Saved entries:
(* Let $A_n(x,y,q,p,s)=\sum_{\sigma\in\mathfrak{S}_n}x^{\operatorname{wex}\sigma}y^{\operatorname{fix}\sigma}q^{\operatorname{cros}\sigma}p^{\operatorname{nest}\sigma}s^{\operatorname{inv}\sigma}$. Then, as formal power series in $t$, $$1+\sum_{n\ge1}A_n(x,y,q,p,s)\, t^n =\cfrac{1}{1-b_0t-\cfrac{a_0c_1t^2}{1-b_1t-\cfrac{a_1c_2t^2}{1-b_2t-\cfrac{a_2c_3t^2}{\ddots}}}},$$ where $a_h=x s^{2h+1} [h+1]_{q,ps}$, $b_h = xyp^h s^{2h} + (1+xq) s^h [h]_{q,ps}$, and $c_h= [h]_{q,ps}$.
   Context: $\mathfrak{S}_n$ is the set of permutations of $[n]$. For $\sigma\in\mathfrak{S}_n$: $\operatorname{wex}\sigma=\#\{i:\sigma_i\ge i\}$, $\operatorname{fix}\sigma=\#\{i:\sigma_i=i\}$, $\operatorname{cros}\sigma=\#\{(i,j): i<j\le\sigma_i<\sigma_j \text{ or } \sigma_i<\sigma_j<i<j\}$, $\operatorname{nest}\sigma=\#\{(i,j): i<j\le\sigma_j<\sigma_i \text{ or } \sigma_j<\sigma_i<i<j\}$, $\operatorname{inv}\sigma=\#\{(i,j):i<j,\ \sigma_i>\sigma_j\}$. For variables $a,b$ and $m\ge0$, $[m]_{a,b}=(a^m-b^m)/(a-b)=\sum_{i=0}^{m-1}a^ib^{m-1-i}$. *)

theory Defs
  imports "HOL-Combinatorics.Permutations" "HOL-Computational_Algebra.Formal_Power_Series"
begin

definition wex :: "nat \<Rightarrow> (nat \<Rightarrow> nat) \<Rightarrow> nat" where
  "wex n \<sigma> = card {i \<in> {1..n}. \<sigma> i \<ge> i}"

definition fixcount :: "nat \<Rightarrow> (nat \<Rightarrow> nat) \<Rightarrow> nat" where
  "fixcount n \<sigma> = card {i \<in> {1..n}. \<sigma> i = i}"

definition cros :: "nat \<Rightarrow> (nat \<Rightarrow> nat) \<Rightarrow> nat" where
  "cros n \<sigma> = card {(i, j). i \<in> {1..n} \<and> j \<in> {1..n} \<and>
     ((i < j \<and> j \<le> \<sigma> i \<and> \<sigma> i < \<sigma> j) \<or> (\<sigma> i < \<sigma> j \<and> \<sigma> j < i \<and> i < j))}"

definition nest :: "nat \<Rightarrow> (nat \<Rightarrow> nat) \<Rightarrow> nat" where
  "nest n \<sigma> = card {(i, j). i \<in> {1..n} \<and> j \<in> {1..n} \<and>
     ((i < j \<and> j \<le> \<sigma> j \<and> \<sigma> j < \<sigma> i) \<or> (\<sigma> j < \<sigma> i \<and> \<sigma> i < i \<and> i < j))}"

▸ **Problem to solve**:
Please count the lines that hold "card" in this data and report the total alone.

▸ **Task solution**:
4